▼▼▼

(* The global Kuroda principle is strictly stronger than the local Kuroda principle: every descriptive $\mathsf{MS4}$-frame satisfying the global Kuroda principle satisfies the local Kuroda principle, and there is a finite $\mathsf{MS4}$-frame satisfying the local Kuroda principle but not the global Kuroda principle.
   Context: A descriptive $\mathsf{MS4}$-frame is $(Y,R,E)$ with $Y$ a Stone space, $R$ a continuous quasi-order, $E$ a continuous equivalence relation (continuous: $R[x]=\{y:xRy\}$ closed for all $x$, $R^{-1}[U]$ clopen for clopen $U$), such that $xEy$, $yRz$ imply $\exists u$ with $xRu$, $uEz$; finite $\mathsf{MS4}$-frames (with the discrete topology) are descriptive. $\operatorname{qmax}Y=\{x: xRy\Rightarrow yRx\}$; $xE_Ry$ iff $xRy$ and $yRx$. Global Kuroda principle: for every $x\in\operatorname{qmax}Y$, $E[x]\subseteq\operatorname{qmax}Y$. Local Kuroda principle: for every $x\in\operatorname{qmax}Y$ there is $y$ with $xE_Ry$ and $E[y]\subseteq\operatorname{qmax}Y$. *)

theory Defs
  imports "HOL-Analysis.Analysis"
begin

definition stone_space :: "'a topology \<Rightarrow> bool" where
  "stone_space T \<longleftrightarrow> compact_space T \<and> Hausdorff_space T \<and>
     (\<forall>U x. openin T U \<and> x \<in> U \<longrightarrow>
        (\<exists>V. openin T V \<and> closedin T V \<and> x \<in> V \<and> V \<subseteq> U))"

definition continuous_rel :: "'a topology \<Rightarrow> 'a rel \<Rightarrow> bool" where
  "continuous_rel T R \<longleftrightarrow>
     (\<forall>x \<in> topspace T. closedin T (R `` {x})) \<and>
     (\<forall>U. openin T U \<and> closedin T U \<longrightarrow>
        openin T ((R\<inverse>) `` U) \<and> closedin T ((R\<inverse>) `` U))"

definition quasi_order_on :: "'a set \<Rightarrow> 'a rel \<Rightarrow> bool" where
  "quasi_order_on Y R \<longleftrightarrow> R \<subseteq> Y \<times> Y \<and> refl_on Y R \<and> trans R"

definition ms4_frame :: "'a set \<Rightarrow> 'a rel \<Rightarrow> 'a rel \<Rightarrow> bool" where
  "ms4_frame Y R E \<longleftrightarrow> quasi_order_on Y R \<and> equiv Y E \<and>
     (\<forall>x y z. (x, y) \<in> E \<and> (y, z) \<in> R \<longrightarrow> (\<exists>u. (x, u) \<in> R \<and> (u, z) \<in> E))"

definition descriptive_ms4_frame :: "'a topology \<Rightarrow> 'a rel \<Rightarrow> 'a rel \<Rightarrow> bool" where
  "descriptive_ms4_frame T R E \<longleftrightarrow> stone_space T \<and> ms4_frame (topspace T) R E \<and>
     continuous_rel T R \<and> continuous_rel T E"

definition qmax :: "'a set \<Rightarrow> 'a rel \<Rightarrow> 'a set" where
  "qmax Y R = {x \<in> Y. \<forall>y. (x, y) \<in> R \<longrightarrow> (y, x) \<in> R}"

definition global_kuroda :: "'a set \<Rightarrow> 'a rel \<Rightarrow> 'a rel \<Rightarrow> bool" where
  "global_kuroda Y R E \<longleftrightarrow> (\<forall>x \<in> qmax Y R. E `` {x} \<subseteq> qmax Y R)"

definition local_kuroda :: "'a set \<Rightarrow> 'a rel \<Rightarrow> 'a rel \<Rightarrow> bool" where
  "local_kuroda Y R E \<longleftrightarrow> (\<forall>x \<in> qmax Y R. \<exists>y. (x, y) \<in> R \<and> (y, x) \<in> R \<and> E `` {y} \<subseteq> qmax Y R)"

end

theory Submission
  imports Defs
begin

text \<open>The global principle gives the local one with the witness \<open>y = x\<close>. For the converse,
  take the cluster \<open>{0, 1}\<close> seen from the point \<open>2\<close>, and let \<open>E\<close> identify \<open>0\<close> with \<open>2\<close>:
  the quasi-maximal point \<open>0\<close> has the non-quasi-maximal \<open>2\<close> in its \<open>E\<close>-class, while its
  cluster-mate \<open>1\<close> has a singleton \<open>E\<close>-class.\<close>

lemma local_kuroda_if_global_kuroda:
  assumes "refl_on Y R" and "global_kuroda Y R E"
  shows "local_kuroda Y R E"
  unfolding local_kuroda_def
proof
  fix x assume x: "x \<in> qmax Y R"
  then have "(x, x) \<in> R"
    using assms(1) by (simp add: qmax_def refl_on_def)
  moreover have "E `` {x} \<subseteq> qmax Y R"
    using assms(2) x by (simp add: global_kuroda_def)
  ultimately show "\<exists>y. (x, y) \<in> R \<and> (y, x) \<in> R \<and> E `` {y} \<subseteq> qmax Y R"
    by blast
qed

lemma stone_space_discrete_topology:
  assumes "finite Y"
  shows "stone_space (discrete_topology Y)"
  unfolding stone_space_def
  using assms by (auto simp: compact_space_discrete_topology)

lemma continuous_rel_discrete_topology:
  assumes "R \<subseteq> Y \<times> Y"
  shows "continuous_rel (discrete_topology Y) R"
  using assms unfolding continuous_rel_def by auto

lemma descriptive_ms4_frame_discrete_topology:
  assumes "finite Y" and "ms4_frame Y R E"
  shows "descriptive_ms4_frame (discrete_topology Y) R E"
proof -
  have "R \<subseteq> Y \<times> Y" and "E \<subseteq> Y \<times> Y"
    using assms(2) by (auto simp: ms4_frame_def quasi_order_on_def equiv_def refl_on_def)
  then show ?thesis
    using assms unfolding descriptive_ms4_frame_def
    by (simp add: stone_space_discrete_topology continuous_rel_discrete_topology)
qed

definition cluster_below_R :: "nat rel" where
  "cluster_below_R = {(0,0), (1,1), (2,2), (0,1), (1,0), (2,0), (2,1)}"

definition cluster_below_E :: "nat rel" where
  "cluster_below_E = {(0,0), (1,1), (2,2), (0,2), (2,0)}"

lemma cluster_below_commute:
  assumes "(x, y) \<in> cluster_below_E" and "(y, z) \<in> cluster_below_R"
  shows "\<exists>u. (x, u) \<in> cluster_below_R \<and> (u, z) \<in> cluster_below_E"
proof (intro exI[of _ "if z = 2 then 0 else z"])
  show "(x, if z = 2 then 0 else z) \<in> cluster_below_R \<and> (if z = 2 then 0 else z, z) \<in> cluster_below_E"
    using assms unfolding cluster_below_E_def cluster_below_R_def by auto
qed

lemma ms4_frame_cluster_below: "ms4_frame {0, 1, 2} cluster_below_R cluster_below_E"
proof -
  have "quasi_order_on {0, 1, 2} cluster_below_R"
    unfolding quasi_order_on_def refl_on_def trans_def cluster_below_R_def by auto
  moreover have "equiv {0, 1, 2} cluster_below_E"
    unfolding equiv_def refl_on_def sym_def trans_def cluster_below_E_def by auto
  ultimately show ?thesis
    unfolding ms4_frame_def using cluster_below_commute by blast
qed

lemma qmax_cluster_below: "qmax {0, 1, 2} cluster_below_R = {0, 1}"
  unfolding qmax_def cluster_below_R_def by auto

lemma local_kuroda_cluster_below: "local_kuroda {0, 1, 2} cluster_below_R cluster_below_E"
proof -
  have "cluster_below_E `` {1} = {1}"
    by (auto simp: cluster_below_E_def)
  moreover have "(x, 1) \<in> cluster_below_R \<and> (1, x) \<in> cluster_below_R" if "x \<in> {0, 1}" for x
    using that by (auto simp: cluster_below_R_def)
  ultimately show ?thesis
    unfolding local_kuroda_def qmax_cluster_below by blast
qed

lemma not_global_kuroda_cluster_below: "\<not> global_kuroda {0, 1, 2} cluster_below_R cluster_below_E"
proof -
  have "2 \<in> cluster_below_E `` {0}"
    by (simp add: cluster_below_E_def)
  then show ?thesis
    unfolding global_kuroda_def qmax_cluster_below by auto
qed

theorem proposition4p3:
  shows "(\<forall>(T :: 'a topology) R E. descriptive_ms4_frame T R E \<and> global_kuroda (topspace T) R E
            \<longrightarrow> local_kuroda (topspace T) R E)
       \<and> (\<exists>(Y :: nat set) R E. finite Y \<and> ms4_frame Y R E \<and>
            descriptive_ms4_frame (discrete_topology Y) R E \<and>
            local_kuroda Y R E \<and> \<not> global_kuroda Y R E)"
proof (intro conjI allI impI)
  fix T :: "'a topology" and R E
  assume frame: "descriptive_ms4_frame T R E \<and> global_kuroda (topspace T) R E"
  then have "refl_on (topspace T) R"
    by (simp add: descriptive_ms4_frame_def ms4_frame_def quasi_order_on_def)
  with frame show "local_kuroda (topspace T) R E"
    using local_kuroda_if_global_kuroda by blast
next
  have "finite {0, 1, 2 :: nat}"
    by simp
  then show "\<exists>(Y :: nat set) R E. finite Y \<and> ms4_frame Y R E \<and>
          descriptive_ms4_frame (discrete_topology Y) R E \<and>
          local_kuroda Y R E \<and> \<not> global_kuroda Y R E"
    using ms4_frame_cluster_below descriptive_ms4_frame_discrete_topology
      local_kuroda_cluster_below not_global_kuroda_cluster_below
    by blast
qed

end
text \<open>A part of the extremal Frankenstein graph containing an edge \<open>uw\<close> of an outer triangle is a
  tree: an odd cycle or bad piece would admit the shortcut \<open>uv\<close> (if it also contains \<open>wv\<close>) or the
  detour \<open>w v u\<close> (otherwise), either of which closes a rainbow even cycle.\<close>

lemma outer_triangle_part_is_tree:
  assumes free: "rainbow_even_cycle_free (insert f F)" and fr: "frankenstein F Cs Bs Ts"
    and f: "fst f = {u, v}" "snd f \<notin> colors F" "{u, v} \<notin> uedges F"
    and X: "X \<in> set (Cs @ Bs @ Ts)" and e1: "e1 \<in> X" "fst e1 = {u, w}"
    and e2: "e2 \<in> F" "fst e2 = {w, v}"
    and distinct: "u \<noteq> v" "u \<noteq> w" "v \<noteq> w" and c12: "snd e1 \<noteq> snd e2"
  shows "X \<in> set Ts"
proof (rule ccontr)
  assume "X \<notin> set Ts"
  moreover have "\<forall>C\<in>set Cs. long_rainbow_odd_cycle C" "\<forall>B\<in>set Bs. bad_piece B"
    using fr unfolding frankenstein_def by blast+
  ultimately have piece: "long_rainbow_odd_cycle X \<or> bad_piece X"
    using X by auto
  have P: "is_partition F (Cs @ Bs @ Ts)"
    using fr unfolding frankenstein_def by blast
  then have XF: "X \<subseteq> F"
    using X unfolding is_partition_def by blast
  then have XG: "X \<subseteq> insert f F" and fG: "f \<in> insert f F"
    by blast+
  have f_new: "snd f \<notin> colors X" "{u, v} \<notin> uedges X"
    using f(2,3) colors_mono[OF XF] uedges_mono[OF XF] by blast+
  show False
  proof (cases "e2 \<in> X")
    case True
    show False
      by (rule odd_cycle_or_bad_piece_no_shortcut[OF free XG piece e1 True e2(2) fG f(1) f_new
            distinct(1) c12])
  next
    case False
    then obtain Y where Y: "Y \<in> set (Cs @ Bs @ Ts)" "e2 \<in> Y" "X \<noteq> Y"
      using P e2(1) unfolding is_partition_def by blast
    note parts = is_partition_parts[OF P X Y(1,3)]
    have "w \<in> verts X \<inter> verts Y"
      using in_verts[OF e1(1)] in_verts[OF Y(2)] e1(2) e2(2) by simp
    moreover have "finite (verts X \<inter> verts Y)"
      using finite_verts[OF is_cgraph_subset[OF _ XF]] fr unfolding frankenstein_def by blast
    moreover have "v \<in> verts Y"
      using in_verts[OF Y(2)] e2(2) by simp
    ultimately have "v \<notin> verts X"
      using parts(1) distinct(3) card_mono[of "verts X \<inter> verts Y" "{v, w}"] by auto
    moreover have "snd e2 \<notin> colors X"
      using parts(2) snd_in_colors[OF Y(2)] by blast
    moreover have "snd e2 \<noteq> snd f"
      using f(2) snd_in_colors[OF e2(1)] by metis
    moreover have "fst f = {v, u}"
      using f(1) by (simp add: insert_commute)
    moreover have "e2 \<in> insert f F"
      using e2(1) by blast
    ultimately show False
      using odd_cycle_or_bad_piece_no_detour[OF free XG piece e1] e2(2) fG f_new(1) by blast
  qed
qed

lemma frankenstein_trees_disjoint:
  assumes "frankenstein F Cs Bs Ts" "X \<in> set Ts" "Y \<in> set Ts" "X \<noteq> Y"
  shows "verts X \<inter> verts Y = {}"
proof -
  obtain i j where "i < length Ts" "j < length Ts" "Ts ! i = X" "Ts ! j = Y"
    using assms(2,3) by (metis in_set_conv_nth)
  with assms(1,4) show ?thesis
    unfolding frankenstein_def by blast
qed
theorem lemma8:
  fixes n :: nat and p u :: "nat \<Rightarrow> real"
  assumes "n \<ge> 1"
    and "is_trajectory n p u"
  shows "C_n n = 2 * (\<Sum>j<n div 2. 3 - 2 * p j - p j * u j) + (p (n div 2))\<^sup>2"
proof -
  note T = assms(2)
  define k where "k = n div 2"
  define a where "a j = 3 - 2 * p j - p j * u j" for j
  define b where "b j = 3 - traj_point p u (Suc j) - u (Suc j)" for j
  have "p n = 0"
    using T by (simp add: is_trajectory_def)
  then have "C_n n = (\<Sum>j<n. a j)"
    using C_n_trajectory[OF T] trajectory_sum_telescope[OF T, of n] by (simp add: a_def)
  also have "\<dots> = (\<Sum>j<k. a j) + (\<Sum>j=k..<n. a j)"
    by (simp add: k_def atLeast0LessThan[symmetric] sum.atLeastLessThan_concat)
  also have "(\<Sum>j=k..<n. a j) = (\<Sum>i<n - k. b i)"
  proof (rule sum.reindex_bij_witness[where i="\<lambda>i. n - Suc i" and j="\<lambda>j. n - Suc j"])
    fix j assume "j \<in> {k..<n}"
    then show "b (n - Suc j) = a j"
      using trajectory_summand_reflect[OF T, of j] by (simp add: a_def b_def Suc_diff_Suc)
  qed auto
  also have "\<dots> = (\<Sum>j<k. a j) + (p k)\<^sup>2"
    using trajectory_sum_to_middle[OF T] by (simp add: a_def b_def k_def)
  finally show ?thesis
    by (simp add: a_def k_def)
qed

end
lemma ctx_regret_le_optimistic:
  fixes Zhat :: "nat \<Rightarrow> nat \<Rightarrow> real" and T :: nat
  defines "L \<equiv> real (card {t. t < T \<and> Zhat t \<noteq> Zs t})"
  assumes j: "j < J" and ctx: "\<forall>t<T. Zs t \<in> Ctx" and pred: "\<forall>t<T. \<forall>i<J. Zh i t = Zhat t"
    and \<eta>: "0 < \<eta>" "\<eta> \<le> 1/2"
  shows "ctx_regret J K d \<phi> Ctx Zs T play j \<le> real (card Ctx) * (ln (real K) / \<eta>)
      + \<eta> * (576 * \<eta>\<^sup>2 * (real J)\<^sup>2 * real T + 4 * (real (card Ctx) + 2 * L)) + 2 * L"
  unfolding L_def by (rule ctx_regret_le_deviation_bound[OF K_ge_1 deviation_gain_le[OF j ctx pred \<eta>]])

lemma ctx_regret_le_tuned:
  fixes Zhat :: "nat \<Rightarrow> nat \<Rightarrow> real" and T :: nat
  defines "X \<equiv> ln (real K) * (real (card {t. t < T \<and> Zhat t \<noteq> Zs t}) + real (card Ctx))"
  assumes J: "J \<ge> 2" and j: "j < J" and hz: "\<forall>t<T. Zs t \<in> Ctx \<and> (\<forall>i<J. Zh i t = Zhat t)"
    and \<eta>: "\<eta> = 1/2 * real J powr (-1/2) * real T powr (-1/4) * X powr (1/4)"
  shows "ctx_regret J K d \<phi> Ctx Zs T play j \<le> 100 * (X powr (3/4) * real T powr (1/4) * real J powr (1/2))"
proof -
  define R where "R = X powr (3/4) * real T powr (1/4) * real J powr (1/2)"
  have R: "0 \<le> R" by (simp add: R_def)
  have ctx: "\<forall>t<T. Zs t \<in> Ctx" and pred: "\<forall>t<T. \<forall>i<J. Zh i t = Zhat t" using hz by auto
  consider "K = 1" | "K \<ge> 2" "real T \<le> X" | "K \<ge> 2" "X < real T" using K_ge_1 by linarith
  then have "ctx_regret J K d \<phi> Ctx Zs T play j \<le> 100 * R"
  proof cases
    case 1
    then show ?thesis using ctx_regret_le_single_action[OF j ctx] R by linarith
  next
    case 2
    have "real T \<le> R" unfolding R_def using 2 J by (intro le_powr_interpolation) auto
    then show ?thesis using ctx_regret_le_trivial[OF j ctx] R by linarith
  next
    case 3
    have lnK: "1/2 \<le> ln (real K)" using 3 exp_half_le2 by (subst ln_ge_iff) auto
    have "0 \<le> X" using K_ge_1 by (simp add: X_def)
    then have "Zs 0 \<in> Ctx" using 3 ctx by simp
    then have m: "1 \<le> real (card Ctx)" using finite_Ctx by (auto simp: Suc_le_eq card_gt_0_iff)
    note tuned = tuned_regret_bound_powr_le[OF X_def[THEN meta_eq_to_obj_eq] \<eta> lnK _ m 3(2)]
    have "ctx_regret J K d \<phi> Ctx Zs T play j \<le> 86 * R"
      using ctx_regret_le_optimistic[OF j ctx pred tuned(1,2)] tuned(3) J by (simp add: R_def)
    then show ?thesis using R by linarith
  qed
  then show ?thesis by (simp add: R_def)
qed

end

theorem proposition9:
  shows "\<exists>c>0. \<exists>C. \<forall>(J::nat) (K::nat) (d::nat) (\<phi> :: nat \<Rightarrow> (nat \<Rightarrow> nat) \<Rightarrow> nat \<Rightarrow> real)
      (Ctx :: (nat \<Rightarrow> real) set) (Zs :: nat \<Rightarrow> nat \<Rightarrow> real) (Zh :: nat \<Rightarrow> nat \<Rightarrow> nat \<Rightarrow> real)
      (Zhat :: nat \<Rightarrow> nat \<Rightarrow> real) (T::nat).
     J \<ge> 2 \<longrightarrow> K \<ge> 1 \<longrightarrow> finite Ctx \<longrightarrow>
     (\<forall>z\<in>Ctx. \<forall>l\<ge>d. z l = 0) \<longrightarrow>
     (\<forall>j<J. \<forall>a\<in>joint_actions J K. \<forall>z\<in>Ctx. \<bar>ip d z (\<phi> j a)\<bar> \<le> 1) \<longrightarrow>
     (\<forall>t<T. Zs t \<in> Ctx \<and> Zhat t \<in> Ctx \<and> (\<forall>j<J. Zh j t = Zhat t)) \<longrightarrow>
     (let L = real (card {t. t < T \<and> Zhat t \<noteq> Zs t});
          m = real (card Ctx);
          \<eta> = c * real J powr (-1/2) * real T powr (-1/4) * (ln (real K) * (L + m)) powr (1/4)
      in \<forall>j<J. ctx_regret J K d \<phi> Ctx Zs T (game_play J K d \<phi> \<eta> Zh Zs) j
               \<le> C * ((ln (real K) * (L + m)) powr (3/4) * real T powr (1/4) * real J powr (1/2)))"
proof (rule exI[of _ "1/2"], rule conjI, simp, rule exI[of _ 100],
    intro allI impI, unfold Let_def, intro allI impI)
  fix J K d :: nat and \<phi> :: "nat \<Rightarrow> (nat \<Rightarrow> nat) \<Rightarrow> nat \<Rightarrow> real" and Ctx :: "(nat \<Rightarrow> real) set"
    and Zs :: "nat \<Rightarrow> nat \<Rightarrow> real" and Zh :: "nat \<Rightarrow> nat \<Rightarrow> nat \<Rightarrow> real" and Zhat :: "nat \<Rightarrow> nat \<Rightarrow> real"
    and T j :: nat
  assume J: "J \<ge> 2" and K: "K \<ge> 1" and fin: "finite Ctx" and "\<forall>z\<in>Ctx. \<forall>l\<ge>d. z l = 0"
    and bnd: "\<forall>j<J. \<forall>a\<in>joint_actions J K. \<forall>z\<in>Ctx. \<bar>ip d z (\<phi> j a)\<bar> \<le> 1"
    and hz: "\<forall>t<T. Zs t \<in> Ctx \<and> Zhat t \<in> Ctx \<and> (\<forall>j<J. Zh j t = Zhat t)" and j: "j < J"
  let ?X = "ln (real K) * (real (card {t. t < T \<and> Zhat t \<noteq> Zs t}) + real (card Ctx))"
  let ?\<eta> = "1/2 * real J powr (-1/2) * real T powr (-1/4) * ?X powr (1/4)"
  interpret pomwu_game J K d \<phi> Ctx ?\<eta> Zh Zs
    by unfold_locales (use bnd K fin in simp_all)
  have "play = game_play J K d \<phi> ?\<eta> Zh Zs" by (rule ext, rule play_def)
  then show "ctx_regret J K d \<phi> Ctx Zs T (game_play J K d \<phi> ?\<eta> Zh Zs) j
      \<le> 100 * (?X powr (3/4) * real T powr (1/4) * real J powr (1/2))"
    using ctx_regret_le_tuned[OF J j _ refl] hz by simp
qed

end
theorem theorem2p6:
  fixes G :: "(complex \<Rightarrow> complex) set" and P Q :: "real \<Rightarrow> real"
  assumes "G \<subseteq> class_S"
    and "\<And>r. 0 \<le> r \<Longrightarrow> r < 1 \<Longrightarrow> P integrable_on {0..r}"
    and "\<And>r. 0 \<le> r \<Longrightarrow> r < 1 \<Longrightarrow> Q integrable_on {0..r}"
    and "\<And>f z. f \<in> G \<Longrightarrow> z \<in> ball 0 1 \<Longrightarrow>
           P (norm z) \<le> norm (deriv f z) \<and> norm (deriv f z) \<le> Q (norm z)"
  shows "(\<forall>f\<in>harmonic_analogue G. \<forall>z\<in>ball 0 1.
            integral {0..norm z} P \<le> norm (f z) \<and> norm (f z) \<le> integral {0..norm z} Q)
       \<and> (\<forall>L. ((\<lambda>r. integral {0..r} P) \<longlongrightarrow> L) (at_left 1) \<longrightarrow>
            (\<forall>f\<in>harmonic_analogue G. ball 0 L \<subseteq> f ` ball 0 1))
       \<and> (filterlim (\<lambda>r. integral {0..r} P) at_top (at_left 1) \<longrightarrow>
            (\<forall>f\<in>harmonic_analogue G. f ` ball 0 1 = UNIV))"
proof -
  have bounds: "integral {0..norm z} P \<le> norm (f z) \<and> norm (f z) \<le> integral {0..norm z} Q"
    if "f \<in> harmonic_analogue G" "z \<in> ball 0 1" for f z
    using that assms by (intro harmonic_analogue_norm_bounds) auto
  have covers: "w \<in> f ` ball 0 1"
    if f: "f \<in> harmonic_analogue G" and "eventually (\<lambda>r. norm w < integral {0..r} P) (at_left 1)" for f w
  proof -
    have "eventually (\<lambda>r. r \<in> {0<..<1} \<and> norm w < integral {0..r} P) (at_left 1)"
      using that(2) eventually_at_left_real[OF zero_less_one] by eventually_elim auto
    then obtain r where r: "0 < r" "r < 1" "norm w < integral {0..r} P"
      using eventually_happens'[OF trivial_limit_at_left_real] by force
    show ?thesis
      using r bounds[OF f] by (intro harmonic_analogue_covers[OF assms(1) f r(1,2)]) force
  qed
  moreover have "ball 0 L \<subseteq> f ` ball 0 1"
    if "((\<lambda>r. integral {0..r} P) \<longlongrightarrow> L) (at_left 1)" "f \<in> harmonic_analogue G" for L f
    using that by (auto intro!: covers order_tendstoD(1))
  moreover have "f ` ball 0 1 = UNIV"
    if "filterlim (\<lambda>r. integral {0..r} P) at_top (at_left 1)" "f \<in> harmonic_analogue G" for f
    using that by (auto intro!: covers simp: filterlim_at_top_dense)
  ultimately show ?thesis
    using bounds by blast
qed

▲▲▲

* Work to complete:
Copy out every line of the listing that includes the string "longlongrightarrow".

* Task answer:
       \<and> (\<forall>L. ((\<lambda>r. integral {0..r} P) \<longlongrightarrow> L) (at_left 1) \<longrightarrow>
    if "((\<lambda>r. integral {0..r} P) \<longlongrightarrow> L) (at_left 1)" "f \<in> harmonic_analogue G" for L f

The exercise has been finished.